X

Hayata gerçekçi gözlerle bakın: Pozitif düşünce nedir?

“Negatif  insanlar her çözüme bir problem bulurlar, pozitif insanlarsa her probleme bir çözüm.” Steven Aitchison

Pozitif düşün, pozitif ol” gibi mesajları duymadan geçirdiğimiz bir gün hemen hemen yok. Peki ama nedir bu pozitif düşünce denilen şey aslında? İlk olarak pozitif düşünce ne değildir onu inceleyelim isterseniz. Bir kere pozitif düşünce problemlerimizi görmezden gelerek, Pollyanna’cılık oynayıp, pembe renkli bir hayal aleminde yaşamak değildir. Hele Secret tarzındaki akımların peşinden gidip “Pozitif düşüneyim, evrenden ne sipariş edersem o olsun“gibi bilimsellikten uzak düşüncelere kapılmak hiç değildir. Pozitif düşünce negatifi reddetmek de değildir. Hayat pozitiflik ve negatifliğin iç içe geçtiği bir bütündür. Tıpkı aydınlıkla beraber karanlığın, gündüzle beraber gecenin olduğu gibi hayat zıt kutuplardan oluşur. Doğu kültüründe bu kutuplar Yin ve Yang olarak adlandırılır. Kadim Çin’in yazılı en eski belgelerinden kabul edilen I Ching isimli kitap (Değişimler, Dönüşümler Kitabı)  Yin ve Yang üzerine kurulmuştur. Geceyi inkar edip sadece gündüz var diyebilir miyiz? Tabii ki hayır. Ya da kendimizi neden gece var diye üzer miyiz? Yani hayatta pozitiflikle beraber negatiflik de vardır. O halde pozitif düşünce dediğimiz şey, pozitifin yanı sıra negatifliğin de olduğunu kabullenmek, dahası ikisinin bir bütün olduğunu fark etmek ama dikkatimizi pozitife vermektir. Pozitif düşünce problemlerimizi artıları ve eksileriyle görüp, çözüm yolları aramaktır.

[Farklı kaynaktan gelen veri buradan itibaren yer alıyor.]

type_synonym state = "(nat \<Rightarrow> nat \<Rightarrow> bool) \<times> (nat \<Rightarrow> nat \<Rightarrow> bool)"

definition left_columns :: "nat \<Rightarrow> state \<Rightarrow> state" where
  "left_columns c s = (\<lambda>i k. fst s i (k + c), \<lambda>j k. 0 < j \<and> snd s (j + c) k)"

definition right_columns :: "nat \<Rightarrow> state \<Rightarrow> state" where
  "right_columns c s = (\<lambda>i k. fst s i k \<and> k \<le> c, \<lambda>j k. snd s j k \<and> j \<le> c)"

definition glue_columns :: "nat \<Rightarrow> state \<Rightarrow> state \<Rightarrow> state" where
  "glue_columns c sl sr =
    (\<lambda>i k. if k \<le> c then fst sr i k else fst sl i (k - c),
     \<lambda>j k. if j \<le> c then snd sr j k else snd sl (j - c) k)"

lemma glue_left_right_columns: "glue_columns c (left_columns c s) (right_columns c s) = s"
  by (simp add: glue_columns_def left_columns_def right_columns_def prod_eq_iff fun_eq_iff)

lemma left_columns_mem:
  assumes "(h, v) \<in> six_vertex_states r (c1 + c2) L R T B"
  shows "left_columns c1 (h, v) \<in>
    six_vertex_states r c2 L (\<lambda>i. 1 \<le> i \<and> i \<le> r \<and> h i c1) (\<lambda>j. T (j + c1)) (\<lambda>j. B (j + c1))"
  unfolding left_columns_def fst_conv snd_conv
proof (rule six_vertex_statesI)
  note S = six_vertex_statesD[OF assms]
  fix i j assume "1 \<le> i" "i \<le> r" "1 \<le> j" "j \<le> c2"
  moreover have "j - 1 + c1 = j + c1 - 1" using \<open>1 \<le> j\<close> by simp
  ultimately show "of_bool (\<not> (0 < j \<and> v (j + c1) (i - 1))) + of_bool (0 < j \<and> v (j + c1) i)
      + of_bool (\<not> h i (j - 1 + c1)) + of_bool (h i (j + c1)) = (2::nat)"
    using S(7)[of i "j + c1"] by simp
next
  fix i assume "1 \<le> i" "i \<le> r"
  then show "h i (c2 + c1) = L i \<and> h i (0 + c1) = (1 \<le> i \<and> i \<le> r \<and> h i c1)"
    using six_vertex_statesD(3)[OF assms] by (simp add: add.commute)
next
  fix i k assume "h i (k + c1)"
  then show "1 \<le> i \<and> i \<le> r \<and> k \<le> c2" using six_vertex_statesD(1)[OF assms] by force
next
  fix j k assume "0 < j \<and> v (j + c1) k"
  then show "1 \<le> j \<and> j \<le> c2 \<and> k \<le> r" using six_vertex_statesD(2)[OF assms] by force
next
  fix j assume "1 \<le> j" "j \<le> c2"
  then show "(0 < j \<and> v (j + c1) 0) = T (j + c1) \<and> (0 < j \<and> v (j + c1) r) = B (j + c1)"
    using six_vertex_statesD(5,6)[OF assms] by simp
qed

lemma right_columns_mem:
  assumes "(h, v) \<in> six_vertex_states r (c1 + c2) L R T B"
  shows "right_columns c1 (h, v) \<in> six_vertex_states r c1 (\<lambda>i. 1 \<le> i \<and> i \<le> r \<and> h i c1) R T B"
  unfolding right_columns_def fst_conv snd_conv
proof (rule six_vertex_statesI)
  fix i j assume "1 \<le> i" "i \<le> r" "1 \<le> j" "j \<le> c1"
  moreover have "j - 1 \<le> c1" using \<open>j \<le> c1\<close> by simp
  ultimately show "of_bool (\<not> (v j (i - 1) \<and> j \<le> c1)) + of_bool (v j i \<and> j \<le> c1)
      + of_bool (\<not> (h i (j - 1) \<and> j - 1 \<le> c1)) + of_bool (h i j \<and> j \<le> c1) = (2::nat)"
    using six_vertex_statesD(7)[OF assms, of i j] by simp
qed (use six_vertex_statesD[OF assms] in auto)
text \<open>
  The congruence defining \<open>Env(C)\<close> is presented by a rewriting system on \<open>C\<^sup>+\<close>-labelled
  trees: contract the edge between a node \<open>x\<close> and its \<open>i\<close>-th child \<open>y\<close> when the colours
  match, replacing both by \<open>x \<circ>\<^sub>i y\<close>. By the sequential and parallel associativity axioms
  two contractions of the same tree can always be completed to a common tree in one step each,
  so the system is confluent and two trees are congruent iff they contract to a common tree.

  A coloured morphism \<open>\<phi>\<close> relabels trees and maps contractions to contractions, so
  \<open>Env(\<phi>)\<close> is well defined; it is unique because corollas generate, and functoriality holds
  on representatives. Surjectivity lifts trees label by label. For injectivity, an injective
  \<open>\<phi>\<close> reflects matching colours, since colours are detected by the units \<open>1\<^sub>c\<close> and \<open>\<phi>\<close> sends
  units to units; hence contractions of \<open>\<phi>(t)\<close> lift to contractions of \<open>t\<close>, and a common
  reduct of \<open>\<phi>(s)\<close> and \<open>\<phi>(t)\<close> lifts to a common reduct of \<open>s\<close> and \<open>t\<close>.
\<close>

lemma leaves_list_append [simp]: "leaves_list (ts @ us) = leaves_list ts + leaves_list us"
  by (induction ts) auto

lemma leaves_list_replicate_Leaf [simp]: "leaves_list (replicate n Leaf) = n"
  by (induction n) auto

lemma leaves_map_tree [simp]: "leaves (map_tree f t) = leaves t"
  and leaves_list_map_tree [simp]: "leaves_list (map (map_tree f) ts) = leaves_list ts"
  by (induction t and ts rule: leaves_leaves_list.induct) auto

lemma graft_zero: "graft t 0 s = t" "graft_list ts 0 s = ts"
proof -
  have "i = 0 \<Longrightarrow> graft t i s = t" "i = 0 \<Longrightarrow> graft_list ts i s = ts" for i
    by (induction t i s and ts i s rule: graft_graft_list.induct) auto
  then show "graft t 0 s = t" "graft_list ts 0 s = ts" by blast+
qed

Hayatın her alanında olduğu gibi pozitif düşünme konusunda da denge önemli bir unsurdur. Bizim her duygumuz bize bir şey anlatmaya çalışır. İnsana ait duyguları incelerseniz, tüm duyguların aslında insan denilen muhteşem organizmayı korumaya yönelik olduğunu görürsünüz. Örneğin korku duygusunu ele alalım. Bir doğal afet esnasında korku duymamız bizi harekete geçiren itici bir güç haline dönüşüp hayatta kalmamıza yardımcı olabilir. Yani tıpkı korku örneğinde gördüğümüz gibi negatif duygularımız da bize hayatımızda yolunda gitmeyen şeyleri gösteriyor olabilir. Zaman zaman negatif düşüncelere, duygulara sahip olmamız kadar normal ve de insani bir şey yok. Biz sadece mutluluğa, pozifliğe programlanmış androidler değil kanlı canlı, her türlü duyguya sahip insanlarız. Evet zaman zaman negatif hissetmek normal bir olay peki ama ya sürekli olarak kendimizi negatif hissediyorsak ve hayatımızdaki pozitif olaylara kendimizi kapatıyorsak? Şöyle bir senaryo hayal edelim. Ama ilk olarak daha önceki bir yazımda bahsettiğim Çekirdek İnançların ne olduğunu bir kez daha hatırlatayım sizlere.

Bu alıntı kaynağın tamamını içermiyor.